TRIBUNNEWS.COM - Dunia menghadapi ancaman serius terhadap stabilitas ekonomi global seiring memanasnya konflik di Timur Tengah.
Kepala International Energy Agency, Fatih Birol, memperingatkan bahwa perang antara Amerika Serikat, Israel, dan Iran telah memicu krisis energi yang berpotensi mengguncang ekonomi dunia.
Dalam pidatonya di National Press Club Australia, Senin (23/3/2026), Birol menyebut situasi saat ini sebagai ancaman besar yang tidak bisa diabaikan.
Ia menegaskan bahwa tidak ada satupun negara yang akan kebal jika krisis ini terus berlanjut.
“Ekonomi global saat ini menghadapi ancaman yang sangat besar, dan saya sangat berharap masalah ini dapat diselesaikan sesegera mungkin,” ujar Birol, mengutip dari DW.
Birol menggambarkan kondisi saat ini sebagai kombinasi dari dua krisis minyak dan satu krisis gas sekaligus.
Ia membandingkan situasi ini dengan guncangan minyak pada 1970-an serta dampak perang Rusia-Ukraina terhadap pasokan gas global.
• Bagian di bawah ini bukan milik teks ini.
definition window_advanced :: "nat \<Rightarrow> st \<Rightarrow> bool" where
  "window_advanced j s \<longleftrightarrow> dp_ready j s \<and> window_inv j s \<and> Qp j - Q \<le> Qp (brk s)"

lemma runs_to_Seq_amortized:
  assumes "runs_to c1 s (\<lambda>t s'. P s' \<and> t + f s' \<le> f s + a)"
    and "\<And>s'. P s' \<Longrightarrow> runs_to c2 s' (\<lambda>t s''. R s'' \<and> t + f s'' \<le> f s' + b)"
  shows "runs_to (Seq c1 c2) s (\<lambda>t s''. R s'' \<and> t + f s'' \<le> f s + (a + b))"
  using assms by (fastforce intro: runs_to_SeqI elim: runs_to_mono)

lemma window_inv_update_FH:
  assumes inv: "window_inv x s"
  shows "window_inv x (s\<lparr>rmem := (rmem s)((9,x) := a, (10,x) := b)\<rparr>)"
proof -
  have deque: "mono_deque (deque s) (Ftab s) (head s) (tail s) x"
      "deque_dominates (deque s) (Ftab s) (head s) (tail s) (brk s) x"
    and pa: "prefix_argmin (Htab s) (brk s) (brk_arg s) (brk_min s)" and bx: "brk s \<le> x"
    using inv unfolding window_inv_def by simp_all
  have agree: "\<forall>i<x. ((Ftab s)(x := a)) i = Ftab s i" "\<forall>i<brk s. ((Htab s)(x := b)) i = Htab s i"
    using bx by auto
  have "mono_deque (deque s) ((Ftab s)(x := a)) (head s) (tail s) x"
    "deque_dominates (deque s) ((Ftab s)(x := a)) (head s) (tail s) (brk s) x"
    "prefix_argmin ((Htab s)(x := b)) (brk s) (brk_arg s) (brk_min s)"
    by (rule mono_deque_cong[OF deque(1) agree(1)] deque_dominates_cong[OF deque agree(1)]
        prefix_argmin_cong[OF pa agree(2)])+
  then show ?thesis
    using inv unfolding window_inv_def FH_stored_def sums_stored_def by simp
qed

lemma compute_F_H_spec:
  assumes ready: "dp_ready (Suc x) s" and inv: "window_inv x s"
  shows "runs_to compute_F_H s (\<lambda>t s'. F_H_computed (Suc x) s' \<and>
     t + window_potential s' \<le> window_potential s + 2)"
proof -
  define F where "F = rmem s (8,x) + d0 (Suc x) - Dp (Suc x)"
  define s' where "s' = s\<lparr>rmem := (rmem s)((9,x) := F, (10,x) := F - \<alpha> * Qp x)\<rparr>"
  have "window_inv x s'" unfolding s'_def by (rule window_inv_update_FH[OF inv])
  moreover have "FH_stored s' (Suc x)"
    using inv unfolding s'_def F_def window_inv_def FH_stored_def by (auto simp: less_Suc_eq)
  moreover have "dp_ready (Suc x) s'" using ready unfolding s'_def dp_ready_def by simp
  moreover have inputs: "rmem s (0, Suc 0) = \<alpha>" "rmem s (7, x) = Qp x"
    "rmem s (6, Suc x) = Dp (Suc x)" "rmem s (2, Suc x) = d0 (Suc x)"
    using ready inv unfolding dp_ready_def window_inv_def sums_stored_def by (auto simp: input_intactD(2))
  have "runs_to compute_F_H s (\<lambda>t s''. t = 2 \<and> s'' = s')"
    unfolding compute_F_H_def
    apply (rule runs_to_Seq runs_to_RAssign)+
    using inputs ready by (simp add: s'_def F_def dp_ready_def)
  ultimately show ?thesis
    by (auto elim: runs_to_mono simp: s'_def F_H_computed_def window_potential_def)
qed

lemma push_window_spec:
  assumes stage: "F_H_computed (Suc x) s"
  shows "runs_to (Seq pop_dominated push_back) s (\<lambda>t s'. window_pushed (Suc x) s' \<and>
     t + window_potential s' \<le> window_potential s + 7)"
proof -
  have ready: "dp_ready (Suc x) s" and inv: "window_inv x s" and FH: "FH_stored s (Suc x)"
    and j: "jreg s = Suc x" "Suc x \<le> n"
    using stage unfolding F_H_computed_def dp_ready_def by auto
  show ?thesis
  proof (rule runs_to_SeqI[OF pop_dominated_spec[OF j(1)]])
    show "head s \<le> tail s" "mono_deque (deque s) (Ftab s) (head s) (tail s) x"
      "deque_dominates_or (deque s) (Ftab s) (head s) (tail s) (brk s) x x"
      using inv unfolding window_inv_def by (auto intro: deque_dominates_orI)
  next
    fix t1 :: nat and s1 :: st
    assume "\<exists>T'. s1 = s\<lparr>nmem := (nmem s)((7,2) := T')\<rparr> \<and> head s \<le> T' \<and> T' \<le> tail s \<and>
       mono_deque (deque s) (Ftab s) (head s) T' x \<and>
       deque_dominates_or (deque s) (Ftab s) (head s) T' (brk s) x x \<and>
       (head s < T' \<longrightarrow> Ftab s (deque s (T' - 1)) < Ftab s x) \<and> t1 + 2 * T' \<le> 2 * tail s + 1"
    then obtain T' where s1: "s1 = s\<lparr>nmem := (nmem s)((7,2) := T')\<rparr>"
      and T': "head s \<le> T'" "T' \<le> tail s"
      and popped: "mono_deque (deque s) (Ftab s) (head s) T' x"
        "deque_dominates_or (deque s) (Ftab s) (head s) T' (brk s) x x"
        "head s < T' \<longrightarrow> Ftab s (deque s (T' - 1)) < Ftab s x"
      and t1: "t1 + 2 * T' \<le> 2 * tail s + 1"
      by blast
    define s2 where "s2 = s\<lparr>nmem := (nmem s)((7,2) := T', (6,T') := x, (7,2) := Suc T')\<rparr>"
    have above: "deque_above (deque s) (head s) T' (brk s)"
      using inv T' unfolding window_inv_def by (auto intro: deque_above_shrink)
    have b: "brk s \<le> x" using inv unfolding window_inv_def by simp
    note pushed = deque_push[OF popped(1) T'(1) popped(3) popped(2) above b]
    have "Qp x \<le> Qp (Suc x)" using Qp_mono j by simp
    then have "\<forall>i<brk s. Qp i < Qp (Suc x) - Q" using inv unfolding window_inv_def by force
    then have "window_pushed (Suc x) s2"
      using ready inv FH pushed T' b
      unfolding s2_def window_pushed_def dp_ready_def window_inv_def sums_stored_def FH_stored_def
      by simp
    moreover have "runs_to push_back s1 (\<lambda>t s'. t = 2 \<and> s' = s2)"
      unfolding push_back_def
      by (rule runs_to_Seq runs_to_NAssign)+ (simp add: s1 s2_def j)
    moreover have "t1 + 2 + window_potential s2 \<le> window_potential s + 7"
      using t1 T' by (simp add: window_potential_def s2_def; arith)
    ultimately show "runs_to push_back s1 (\<lambda>t2 s2'. window_pushed (Suc x) s2' \<and>
       t1 + t2 + window_potential s2' \<le> window_potential s + 7)"
      by (auto elim!: runs_to_mono)
  qed
qed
Menurutnya, jika konflik terus bereskalasi, dampaknya bahkan bisa lebih buruk dibandingkan krisis energi sebelumnya.
Hal ini terutama dipicu oleh terganggunya jalur distribusi energi dunia di Selat Hormuz.
Selat Hormuz Jadi Kunci
Namun, konflik yang berlangsung membuat jalur tersebut hampir lumpuh. Gangguan terhadap lalu lintas kapal tanker menyebabkan pasokan energi dunia terganggu dan memicu lonjakan harga minyak di pasar internasional.
Kondisi ini berdampak langsung pada stabilitas ekonomi global, terutama bagi negara-negara yang bergantung pada impor energi.
Presiden Donald Trump sebelumnya mendesak Iran untuk segera membuka kembali jalur tersebut.
Desakan ini muncul di tengah saling ancam antara Amerika Serikat dan Iran yang justru memperburuk situasi di kawasan.
Sementara itu, Kepala International Energy Agency, Fatih Birol, menegaskan bahwa solusi paling penting untuk meredakan krisis energi saat ini adalah memastikan Selat Hormuz kembali dibuka sepenuhnya.
Baca juga: Iran Gertak, Ancam Hancurkan Infrastruktur Vital Teluk jika Trump Serang Pembangkit Listrik Teheran
Menurutnya, kelancaran distribusi energi global sangat bergantung pada normalisasi jalur tersebut.